## PROBLEM STATEMENT
Instruction for the data below: set down exactly the lines from the line with "proof (induction j rule: inc_induct)" to the line with "(rule card_mono[OF fin])", inclusive, and no others.

──────── SUPPLIED INFORMATION ────────

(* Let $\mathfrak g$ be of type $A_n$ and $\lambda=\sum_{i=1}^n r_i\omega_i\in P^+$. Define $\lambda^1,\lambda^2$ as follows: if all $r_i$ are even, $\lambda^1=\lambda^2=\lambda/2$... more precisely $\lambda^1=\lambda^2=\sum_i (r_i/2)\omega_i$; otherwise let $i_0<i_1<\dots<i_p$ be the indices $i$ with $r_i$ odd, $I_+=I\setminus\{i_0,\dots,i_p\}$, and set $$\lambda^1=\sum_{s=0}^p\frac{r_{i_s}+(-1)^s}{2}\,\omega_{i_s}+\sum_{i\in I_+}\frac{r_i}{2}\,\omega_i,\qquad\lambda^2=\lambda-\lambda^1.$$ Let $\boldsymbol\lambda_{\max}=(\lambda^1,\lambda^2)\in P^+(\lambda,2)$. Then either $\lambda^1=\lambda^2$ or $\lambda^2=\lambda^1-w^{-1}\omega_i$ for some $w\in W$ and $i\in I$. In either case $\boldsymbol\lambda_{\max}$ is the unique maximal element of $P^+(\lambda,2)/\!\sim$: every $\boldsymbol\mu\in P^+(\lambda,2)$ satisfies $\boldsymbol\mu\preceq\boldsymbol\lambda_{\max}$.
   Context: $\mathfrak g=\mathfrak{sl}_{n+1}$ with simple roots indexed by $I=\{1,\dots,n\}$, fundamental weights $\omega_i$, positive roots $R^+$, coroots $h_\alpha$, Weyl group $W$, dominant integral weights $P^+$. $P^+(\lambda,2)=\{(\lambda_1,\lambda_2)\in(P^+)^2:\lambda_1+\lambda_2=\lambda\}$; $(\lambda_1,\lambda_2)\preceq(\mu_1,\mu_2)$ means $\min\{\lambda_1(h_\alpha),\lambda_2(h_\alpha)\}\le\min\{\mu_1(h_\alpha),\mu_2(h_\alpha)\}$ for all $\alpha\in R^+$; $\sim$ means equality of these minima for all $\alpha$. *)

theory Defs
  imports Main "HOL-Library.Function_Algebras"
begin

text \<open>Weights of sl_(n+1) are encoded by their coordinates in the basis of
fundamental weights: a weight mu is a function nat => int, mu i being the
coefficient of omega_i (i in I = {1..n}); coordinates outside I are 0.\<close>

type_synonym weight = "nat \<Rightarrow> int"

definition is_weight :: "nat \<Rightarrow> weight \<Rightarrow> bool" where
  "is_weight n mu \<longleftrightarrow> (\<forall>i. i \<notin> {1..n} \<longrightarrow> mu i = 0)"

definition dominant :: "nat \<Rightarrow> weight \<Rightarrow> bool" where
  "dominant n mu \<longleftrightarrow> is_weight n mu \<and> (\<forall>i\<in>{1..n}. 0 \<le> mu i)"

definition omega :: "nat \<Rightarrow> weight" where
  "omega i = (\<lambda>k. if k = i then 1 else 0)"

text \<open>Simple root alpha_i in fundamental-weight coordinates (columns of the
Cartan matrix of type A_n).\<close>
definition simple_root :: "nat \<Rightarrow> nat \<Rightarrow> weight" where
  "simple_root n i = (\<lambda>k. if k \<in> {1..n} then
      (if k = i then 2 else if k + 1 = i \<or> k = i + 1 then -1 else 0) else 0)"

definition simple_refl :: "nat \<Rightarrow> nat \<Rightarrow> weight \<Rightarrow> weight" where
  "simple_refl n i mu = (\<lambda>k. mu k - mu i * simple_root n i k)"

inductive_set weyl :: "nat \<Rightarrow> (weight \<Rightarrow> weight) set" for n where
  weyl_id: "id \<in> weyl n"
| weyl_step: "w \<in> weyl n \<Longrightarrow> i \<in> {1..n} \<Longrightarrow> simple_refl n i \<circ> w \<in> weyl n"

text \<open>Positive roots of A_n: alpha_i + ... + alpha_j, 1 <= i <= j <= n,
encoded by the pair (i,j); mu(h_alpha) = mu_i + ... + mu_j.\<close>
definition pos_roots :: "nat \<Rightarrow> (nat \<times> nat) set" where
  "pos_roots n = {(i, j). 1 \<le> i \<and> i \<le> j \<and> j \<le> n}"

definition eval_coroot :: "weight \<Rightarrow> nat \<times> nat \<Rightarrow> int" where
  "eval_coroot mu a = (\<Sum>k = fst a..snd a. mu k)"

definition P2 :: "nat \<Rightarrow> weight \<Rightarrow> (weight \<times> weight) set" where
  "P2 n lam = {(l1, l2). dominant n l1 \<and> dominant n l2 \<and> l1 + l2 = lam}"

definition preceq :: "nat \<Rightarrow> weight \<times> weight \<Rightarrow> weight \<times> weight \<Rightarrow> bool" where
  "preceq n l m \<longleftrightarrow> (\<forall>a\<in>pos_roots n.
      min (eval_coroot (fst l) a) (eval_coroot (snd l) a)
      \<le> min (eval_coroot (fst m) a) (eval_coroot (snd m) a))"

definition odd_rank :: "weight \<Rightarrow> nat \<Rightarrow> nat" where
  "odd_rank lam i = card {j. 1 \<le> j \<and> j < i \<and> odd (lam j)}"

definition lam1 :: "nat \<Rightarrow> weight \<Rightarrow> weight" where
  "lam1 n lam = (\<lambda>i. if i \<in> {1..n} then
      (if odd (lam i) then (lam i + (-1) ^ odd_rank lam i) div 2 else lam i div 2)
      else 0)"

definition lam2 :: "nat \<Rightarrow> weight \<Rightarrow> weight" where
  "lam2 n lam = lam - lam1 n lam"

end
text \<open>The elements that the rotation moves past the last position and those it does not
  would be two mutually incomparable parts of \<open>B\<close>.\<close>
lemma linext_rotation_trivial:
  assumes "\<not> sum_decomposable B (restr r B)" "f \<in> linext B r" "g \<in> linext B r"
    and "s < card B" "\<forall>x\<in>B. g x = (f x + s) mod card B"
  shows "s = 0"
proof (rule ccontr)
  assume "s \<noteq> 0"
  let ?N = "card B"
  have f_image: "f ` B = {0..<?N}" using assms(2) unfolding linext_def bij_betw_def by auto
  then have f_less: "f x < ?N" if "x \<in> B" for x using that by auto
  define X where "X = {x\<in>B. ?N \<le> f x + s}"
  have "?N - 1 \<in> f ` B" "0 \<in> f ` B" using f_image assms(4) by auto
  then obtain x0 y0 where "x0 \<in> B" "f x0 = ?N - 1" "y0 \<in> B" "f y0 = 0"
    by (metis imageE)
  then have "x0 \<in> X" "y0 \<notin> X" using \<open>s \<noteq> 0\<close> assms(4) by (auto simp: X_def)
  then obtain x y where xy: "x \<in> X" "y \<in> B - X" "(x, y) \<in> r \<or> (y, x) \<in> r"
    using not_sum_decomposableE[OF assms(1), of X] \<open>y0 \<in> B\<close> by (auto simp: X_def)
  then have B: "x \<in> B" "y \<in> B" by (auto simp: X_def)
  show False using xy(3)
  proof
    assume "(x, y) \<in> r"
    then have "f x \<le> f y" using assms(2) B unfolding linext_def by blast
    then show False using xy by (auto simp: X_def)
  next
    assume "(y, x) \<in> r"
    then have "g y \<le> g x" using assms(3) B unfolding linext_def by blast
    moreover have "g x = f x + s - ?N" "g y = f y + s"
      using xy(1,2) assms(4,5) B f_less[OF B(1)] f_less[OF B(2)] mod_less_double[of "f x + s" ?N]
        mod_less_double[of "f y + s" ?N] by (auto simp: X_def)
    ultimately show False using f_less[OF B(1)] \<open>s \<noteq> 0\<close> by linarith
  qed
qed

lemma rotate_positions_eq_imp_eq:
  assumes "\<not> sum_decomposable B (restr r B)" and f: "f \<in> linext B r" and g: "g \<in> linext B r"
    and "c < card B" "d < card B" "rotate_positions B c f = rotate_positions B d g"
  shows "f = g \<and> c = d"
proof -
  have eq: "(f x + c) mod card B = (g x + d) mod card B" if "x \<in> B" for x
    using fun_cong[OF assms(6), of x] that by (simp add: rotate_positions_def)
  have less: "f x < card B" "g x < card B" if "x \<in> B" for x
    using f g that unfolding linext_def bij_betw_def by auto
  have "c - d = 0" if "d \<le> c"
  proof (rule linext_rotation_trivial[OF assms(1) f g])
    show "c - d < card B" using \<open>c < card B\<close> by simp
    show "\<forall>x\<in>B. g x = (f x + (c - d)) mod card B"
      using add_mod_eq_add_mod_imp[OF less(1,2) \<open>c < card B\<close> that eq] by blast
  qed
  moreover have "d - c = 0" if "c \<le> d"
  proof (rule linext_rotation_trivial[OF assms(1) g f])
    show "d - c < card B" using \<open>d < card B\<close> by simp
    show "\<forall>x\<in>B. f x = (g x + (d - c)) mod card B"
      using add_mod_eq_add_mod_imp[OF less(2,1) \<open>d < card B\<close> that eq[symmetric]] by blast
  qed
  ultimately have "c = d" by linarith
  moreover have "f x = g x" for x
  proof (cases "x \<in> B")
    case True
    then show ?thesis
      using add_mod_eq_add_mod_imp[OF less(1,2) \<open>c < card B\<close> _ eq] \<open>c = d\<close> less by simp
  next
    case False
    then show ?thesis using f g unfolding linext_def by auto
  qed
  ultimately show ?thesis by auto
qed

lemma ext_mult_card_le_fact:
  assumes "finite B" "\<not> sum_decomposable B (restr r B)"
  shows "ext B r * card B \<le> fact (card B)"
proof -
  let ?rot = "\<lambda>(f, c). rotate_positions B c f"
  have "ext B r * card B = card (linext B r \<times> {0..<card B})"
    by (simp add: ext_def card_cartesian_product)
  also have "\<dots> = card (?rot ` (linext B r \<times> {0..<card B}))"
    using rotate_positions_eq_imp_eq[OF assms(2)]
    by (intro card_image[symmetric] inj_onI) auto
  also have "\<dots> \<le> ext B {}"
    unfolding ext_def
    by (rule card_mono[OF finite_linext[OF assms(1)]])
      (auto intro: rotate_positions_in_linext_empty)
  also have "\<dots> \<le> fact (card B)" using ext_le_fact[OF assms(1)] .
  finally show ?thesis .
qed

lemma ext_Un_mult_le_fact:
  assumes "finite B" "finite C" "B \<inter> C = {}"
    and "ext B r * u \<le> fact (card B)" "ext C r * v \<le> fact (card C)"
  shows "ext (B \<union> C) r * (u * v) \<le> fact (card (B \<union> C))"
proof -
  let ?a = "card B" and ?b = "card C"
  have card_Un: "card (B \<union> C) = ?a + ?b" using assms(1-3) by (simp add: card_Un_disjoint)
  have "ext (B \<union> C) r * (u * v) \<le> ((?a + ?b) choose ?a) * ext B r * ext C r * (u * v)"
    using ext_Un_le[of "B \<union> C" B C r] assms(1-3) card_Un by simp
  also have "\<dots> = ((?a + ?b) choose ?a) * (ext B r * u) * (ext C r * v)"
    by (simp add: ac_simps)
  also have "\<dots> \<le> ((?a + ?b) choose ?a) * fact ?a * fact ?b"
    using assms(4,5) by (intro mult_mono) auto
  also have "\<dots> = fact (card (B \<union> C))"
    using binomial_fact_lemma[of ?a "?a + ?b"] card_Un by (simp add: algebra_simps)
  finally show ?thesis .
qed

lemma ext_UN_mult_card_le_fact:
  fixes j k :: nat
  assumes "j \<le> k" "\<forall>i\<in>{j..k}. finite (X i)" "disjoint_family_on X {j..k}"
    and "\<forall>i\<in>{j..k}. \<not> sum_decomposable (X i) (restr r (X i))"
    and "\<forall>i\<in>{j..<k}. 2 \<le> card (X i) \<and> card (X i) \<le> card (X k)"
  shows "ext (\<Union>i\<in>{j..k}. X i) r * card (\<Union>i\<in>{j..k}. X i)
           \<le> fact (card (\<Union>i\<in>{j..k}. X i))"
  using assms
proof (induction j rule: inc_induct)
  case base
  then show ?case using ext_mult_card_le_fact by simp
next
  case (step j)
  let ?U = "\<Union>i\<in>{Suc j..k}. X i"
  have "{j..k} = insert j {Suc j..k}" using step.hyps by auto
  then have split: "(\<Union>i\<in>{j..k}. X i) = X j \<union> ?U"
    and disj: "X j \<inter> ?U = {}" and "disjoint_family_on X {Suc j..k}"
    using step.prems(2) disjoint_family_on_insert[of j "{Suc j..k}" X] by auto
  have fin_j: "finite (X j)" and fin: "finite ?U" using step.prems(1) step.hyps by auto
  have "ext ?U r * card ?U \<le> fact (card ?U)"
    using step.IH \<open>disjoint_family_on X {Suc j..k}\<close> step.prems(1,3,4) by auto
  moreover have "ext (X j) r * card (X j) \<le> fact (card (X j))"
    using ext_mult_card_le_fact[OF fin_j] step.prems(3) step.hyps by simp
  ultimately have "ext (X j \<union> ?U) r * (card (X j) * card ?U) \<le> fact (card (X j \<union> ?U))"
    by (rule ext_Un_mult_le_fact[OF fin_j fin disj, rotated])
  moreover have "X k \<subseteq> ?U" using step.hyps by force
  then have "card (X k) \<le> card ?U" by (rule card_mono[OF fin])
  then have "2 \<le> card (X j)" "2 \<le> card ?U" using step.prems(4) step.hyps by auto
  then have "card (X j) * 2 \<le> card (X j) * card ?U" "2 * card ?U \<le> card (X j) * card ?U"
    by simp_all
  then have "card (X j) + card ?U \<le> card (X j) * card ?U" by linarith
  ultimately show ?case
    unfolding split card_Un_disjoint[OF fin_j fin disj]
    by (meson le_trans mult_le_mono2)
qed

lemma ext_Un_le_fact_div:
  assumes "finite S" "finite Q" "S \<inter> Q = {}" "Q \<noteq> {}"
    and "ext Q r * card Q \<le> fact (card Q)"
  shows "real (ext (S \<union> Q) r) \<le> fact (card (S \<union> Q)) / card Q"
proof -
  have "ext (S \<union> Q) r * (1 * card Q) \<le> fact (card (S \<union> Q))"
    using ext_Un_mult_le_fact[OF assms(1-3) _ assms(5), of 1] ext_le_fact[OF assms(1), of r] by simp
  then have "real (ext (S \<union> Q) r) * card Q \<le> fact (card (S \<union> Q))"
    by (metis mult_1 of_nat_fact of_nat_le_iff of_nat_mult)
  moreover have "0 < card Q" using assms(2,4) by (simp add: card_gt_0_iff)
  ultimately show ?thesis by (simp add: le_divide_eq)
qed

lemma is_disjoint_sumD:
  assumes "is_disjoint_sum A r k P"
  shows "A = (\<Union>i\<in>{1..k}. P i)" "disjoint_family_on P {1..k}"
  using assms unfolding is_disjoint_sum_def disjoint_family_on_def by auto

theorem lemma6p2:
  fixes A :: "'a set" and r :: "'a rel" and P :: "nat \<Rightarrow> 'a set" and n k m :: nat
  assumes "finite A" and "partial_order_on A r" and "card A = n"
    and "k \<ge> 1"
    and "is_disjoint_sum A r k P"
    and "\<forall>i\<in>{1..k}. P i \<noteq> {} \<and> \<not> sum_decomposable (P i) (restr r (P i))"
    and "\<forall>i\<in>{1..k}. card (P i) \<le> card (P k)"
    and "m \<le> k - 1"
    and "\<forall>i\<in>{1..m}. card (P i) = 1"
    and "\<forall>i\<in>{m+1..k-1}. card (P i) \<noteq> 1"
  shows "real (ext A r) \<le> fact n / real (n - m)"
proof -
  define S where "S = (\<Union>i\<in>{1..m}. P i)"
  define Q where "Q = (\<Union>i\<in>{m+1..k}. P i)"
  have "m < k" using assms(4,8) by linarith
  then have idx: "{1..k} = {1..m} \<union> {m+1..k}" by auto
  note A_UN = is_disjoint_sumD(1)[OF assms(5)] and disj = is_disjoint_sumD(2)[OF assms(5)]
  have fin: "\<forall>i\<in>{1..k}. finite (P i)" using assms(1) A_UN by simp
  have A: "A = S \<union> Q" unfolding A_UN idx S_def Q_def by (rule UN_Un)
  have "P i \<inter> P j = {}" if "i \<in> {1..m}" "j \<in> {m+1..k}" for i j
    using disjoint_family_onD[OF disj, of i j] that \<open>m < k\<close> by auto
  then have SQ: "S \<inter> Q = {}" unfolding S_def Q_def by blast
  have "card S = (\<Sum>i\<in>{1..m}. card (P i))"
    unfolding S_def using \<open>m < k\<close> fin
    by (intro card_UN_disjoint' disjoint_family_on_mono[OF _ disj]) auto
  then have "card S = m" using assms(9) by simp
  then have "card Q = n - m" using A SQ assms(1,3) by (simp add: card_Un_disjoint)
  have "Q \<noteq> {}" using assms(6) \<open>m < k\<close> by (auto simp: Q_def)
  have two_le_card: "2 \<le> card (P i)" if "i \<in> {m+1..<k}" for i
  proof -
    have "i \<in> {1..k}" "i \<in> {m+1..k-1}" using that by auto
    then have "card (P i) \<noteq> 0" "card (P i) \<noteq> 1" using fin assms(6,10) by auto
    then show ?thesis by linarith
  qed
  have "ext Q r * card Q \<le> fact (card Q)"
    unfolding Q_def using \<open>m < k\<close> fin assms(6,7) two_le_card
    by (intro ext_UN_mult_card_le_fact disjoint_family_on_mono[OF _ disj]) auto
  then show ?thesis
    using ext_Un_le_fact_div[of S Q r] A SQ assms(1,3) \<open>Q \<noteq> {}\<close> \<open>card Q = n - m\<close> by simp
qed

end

────────

## COMPLETED TASK
proof (induction j rule: inc_induct)
  case base
  then show ?case using ext_mult_card_le_fact by simp
next
  case (step j)
  let ?U = "\<Union>i\<in>{Suc j..k}. X i"
  have "{j..k} = insert j {Suc j..k}" using step.hyps by auto
  then have split: "(\<Union>i\<in>{j..k}. X i) = X j \<union> ?U"
    and disj: "X j \<inter> ?U = {}" and "disjoint_family_on X {Suc j..k}"
    using step.prems(2) disjoint_family_on_insert[of j "{Suc j..k}" X] by auto
  have fin_j: "finite (X j)" and fin: "finite ?U" using step.prems(1) step.hyps by auto
  have "ext ?U r * card ?U \<le> fact (card ?U)"
    using step.IH \<open>disjoint_family_on X {Suc j..k}\<close> step.prems(1,3,4) by auto
  moreover have "ext (X j) r * card (X j) \<le> fact (card (X j))"
    using ext_mult_card_le_fact[OF fin_j] step.prems(3) step.hyps by simp
  ultimately have "ext (X j \<union> ?U) r * (card (X j) * card ?U) \<le> fact (card (X j \<union> ?U))"
    by (rule ext_Un_mult_le_fact[OF fin_j fin disj, rotated])
  moreover have "X k \<subseteq> ?U" using step.hyps by force
  then have "card (X k) \<le> card ?U" by (rule card_mono[OF fin])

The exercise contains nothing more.